lemma alternating_collapse_step:
  "x \<noteq> y \<Longrightarrow> j \<in> {1,2,3} \<Longrightarrow> t \<in> {1,2} \<Longrightarrow>
    two_coloured (alternating 1 x y (Suc q) 2) (alternating 1 x y q j) (alternating 1 x y q (cyc (j + t)))"
  by (cases "odd q"; auto simp: alternating_def two_coloured_def)

lemma colorable_G_edges_minus_row_edge:
  assumes k: "k \<ge> 1" and i0: "i0 \<in> {2..2*k+1}"
  shows "colorable V (G_edges k - {row_edge i0})"
proof -
  \<comment> \<open>Row 1 is constant 0, rows below i0 alternate in 1, 2, row i0 is constant in the colour
    its last two columns would get, and rows above alternate in 0, 3.\<close>
  define m where "m = alternating 1 1 2 i0 2"
  define R where "R q j =
    (if q = 1 then 0 else if q < i0 then alternating 1 1 2 q j else if q = i0 then m else alternating 1 0 3 q j)"
    for q j
  define a :: nat where "a = (if i0 = 2*k+1 then 0 else 3)"
  have m: "m \<in> {1,2}" by (simp add: m_def alternating_def)
  have "proper_coloring V (G_edges k - {row_edge i0}) (grid_colouring R a)"
    unfolding proper_coloring_G_edges_minus_iff[OF k]
  proof (intro conjI ballI impI)
    fix i assume "i \<in> {2..2*k+1}" "row_edge i \<notin> {row_edge i0}"
    then show "two_coloured (R i 1) (R i 2) (R i 3)"
      using alternating_two_coloured[of 1 2 1 i] alternating_two_coloured[of 0 3 1 i] by (auto simp: R_def)
  next
    fix q j t :: nat assume q: "q \<in> {1..2*k}" and jt: "j \<in> {1,2,3}" "t \<in> {1,2}"
    consider "q = 1" | "1 < q" "q + 1 < i0" | "1 < q" "q + 1 = i0" | "1 < q" "q = i0" | "1 < q" "i0 < q"
      using q by atomize_elim auto
    then show "two_coloured (R (q + 1) j) (R q j) (R q (cyc (j + t)))"
    proof cases
      case 1
      with m i0 show ?thesis by (auto simp: R_def alternating_def)
    next
      case 2
      with alternating_step[of 1 2 j t 1 q] jt show ?thesis by (simp add: R_def)
    next
      case 3
      with alternating_collapse_step[of 1 2 j t q] jt show ?thesis by (auto simp: R_def m_def)
    next
      case 4
      with m show ?thesis by (auto simp: R_def alternating_def)
    next
      case 5
      with alternating_step[of 0 3 j t 1 q] jt show ?thesis by (simp add: R_def)
    qed
  qed (use i0 m in \<open>auto simp: R_def a_def alternating_def two_coloured_def\<close>)
  then show ?thesis unfolding colorable_def by blast
qed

**What is required:** Return, from the data, each line that has the word "alternate" in it.

**Result of the task:**
  \<comment> \<open>Row 1 is constant 0, rows below i0 alternate in 1, 2, row i0 is constant in the colour
    its last two columns would get, and rows above alternate in 0, 3.\<close>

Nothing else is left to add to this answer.